On published per-token rates, DeepSeek V4-Pro is the clear leader: about $0.87 per million output tokens, with a cheaper non-thinking V4-Flash variant at $0.14 / $0.28. MiniMax M3 sells monthly token plans ($20 / $50 / $120) rather than a published per-token price. Qwen3.7-Max bills per token on Alibaba Cloud. If you can self-host, the open-weight models drop your marginal cost to hardware alone. The broader pricing picture is in the Chinese LLM price war 2026.
Is MiniMax M3 actually better than DeepSeek V4-Pro at coding?
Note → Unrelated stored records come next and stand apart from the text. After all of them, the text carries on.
(* In the setting below, for $x\in V_1$, $\lambda\in F^\times$ and $y\in\mathrm{GSpin}(V_1)(F)$, the element $n(x)m(\lambda,y)$ lies in $\mathrm{Clif}(\Lambda)$ if and only if $y$, $\lambda y$ and $xy$ all lie in $\mathrm{Clif}(\Lambda_1)$.
   Context: $F$ is a $p$-adic local field with ring of integers $\mathcal{O}_F$. $V$ is a quasisplit quadratic space: $V=U^\vee\oplus V_E\oplus U$, $U^\vee=\mathrm{span}(e_1,\dots,e_n)$, $U=\mathrm{span}(f_1,\dots,f_n)$ isotropic, $(e_i,f_j)=\delta_{ij}$ for the bilinear form $(v,w)=q(v+w)-q(v)-q(w)$, $V_E\perp U^\vee\oplus U$ identified with $E$ with form $N_{E/F}$ ($E=F$, $N(t)=t^2$, or $E$ quadratic étale); $n\ge1$. $\Lambda=\bigoplus\mathcal{O}_Fe_i\oplus\mathcal{O}_E\oplus\bigoplus\mathcal{O}_Ff_i$; $V_1=\mathrm{span}(e_2,\dots,e_n,f_2,\dots,f_n)\oplus V_E$, so $V=Fe_1\oplus V_1\oplus Ff_1$; $\Lambda_1=\Lambda\cap V_1$. $\mathrm{Clif}(\cdot)$ denotes Clifford algebras (tensor algebra modulo $v\otimes v-q(v)$), $\mathrm{Clif}(V_1)\subseteq\mathrm{Clif}(V)$, and for a lattice $L$, $\mathrm{Clif}(L)$ is the $\mathcal{O}_F$-subalgebra generated by $L$. $\mathrm{GSpin}(V_1)(F)=\{g\in\mathrm{Clif}^+(V_1):g^*g\in F^\times,\ g^*V_1g\subseteq V_1\}$ with $*$ the order-reversing anti-involution. Products below are in $\mathrm{Clif}(V)$: $n(x)=1+f_1x$ for $x\in V_1$, and $m(\lambda,y)=(e_1f_1+\lambda f_1e_1)\,y$. *)

theory Defs
  imports Main
begin

text \<open>A p-adic local field: a field of characteristic 0, complete with respect to a
normalized discrete valuation v (v is only meaningful on nonzero elements), with finite
residue field.\<close>

definition val_ring :: "('a::field \<Rightarrow> int) \<Rightarrow> 'a set" where
  "val_ring v = {x. x = 0 \<or> 0 \<le> v x}"

definition val_ideal :: "('a::field \<Rightarrow> int) \<Rightarrow> 'a set" where
  "val_ideal v = {x. x = 0 \<or> 0 < v x}"
text \<open>
  For x in X let x\<Lambda> = paths_from D x be the set of paths (x, n) with range x. Directedness
  of the action makes x\<Lambda> directed, so it is a path, and it is trivially extendable.
  Conversely a boundary path A lies in some x\<Lambda> and contains (x, e); testing the extendability
  of (x, e) against the compact exhaustive set K \<times> {n}, with K a compact neighbourhood of x
  inside U(n), puts every (x, n) into A. Hence x \<mapsto> x\<Lambda> is a bijection X \<rightarrow> \<partial>\<Omega>, and
  (x\<Lambda>)\<cdot>m = (x\<cdot>m)\<Lambda>. For the Fell topology it is continuous (missing a compact K pulls back
  to the complement of the compact set r(K), hitting an open set to a union of open sets) and
  open (the image of W is the set of boundary paths hitting W \<times> {e}). A homeomorphic
  conjugacy of partial actions maps the basic sets Z(U, m, n, V) onto Z(J U, m, n, J V),
  which gives the groupoid isomorphism.
\<close>

lemma generate_topology_on_image:
  assumes inj: "inj_on f (\<Union>B)" and "generate_topology_on B U"
  shows "U \<subseteq> \<Union>B \<and> generate_topology_on ((\<lambda>V. f ` V) ` B) (f ` U)"
  using assms(2)
proof (induction rule: generate_topology_on.induct)
  case Empty
  then show ?case by (simp add: generate_topology_on.Empty)
next
  case (Int a b)
  have "f ` (a \<inter> b) = f ` a \<inter> f ` b"
    using Int.IH inj by (intro inj_on_image_Int[of f "\<Union>B"]) auto
  then show ?case using Int.IH by (auto intro: generate_topology_on.Int)
next
  case (UN K)
  have "f ` \<Union>K = \<Union>((\<lambda>k. f ` k) ` K)" by auto
  then show ?case using UN.IH by (auto intro: generate_topology_on.UN)
next
  case (Basis s)
  then show ?case by (auto intro: generate_topology_on.Basis)
qed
The benchmark numbers aren’t directly comparable yet. M3 published SWE-Bench Pro and Terminal-Bench results at launch; DeepSeek hasn’t reported on those same tasks in the same format. M3’s edge today is published evidence plus multimodality. DeepSeek’s edge is price and a reasoning chain that’s strong on multi-file refactors. All three speak an OpenAI-compatible API, so the fair test is to run identical prompts against each on your own repo before deciding.
The short version
Three open-weight contenders now reach the frontier on coding, and the choice comes down to what you’re optimizing for. Pick MiniMax M3 if you want published agentic-coding benchmarks, a 1M context, and multimodality, and you can wait the few days for its weights to land. Pick DeepSeek V4-Pro if low cost and reasoning-driven code quality matter most, since its per-token price is the lowest of the three and its weights are available. Consider Qwen3.7-Max if you want the top public composite score and you’re comfortable on a hosted API, knowing its flagship isn’t open-weight today.
The benchmark numbers will keep moving, and several of M3’s are still vendor-reported. The durable advice doesn’t change: run the same prompts against all three APIs in one Apidog project, watch the outputs and the bills, and let your own workload pick the winner.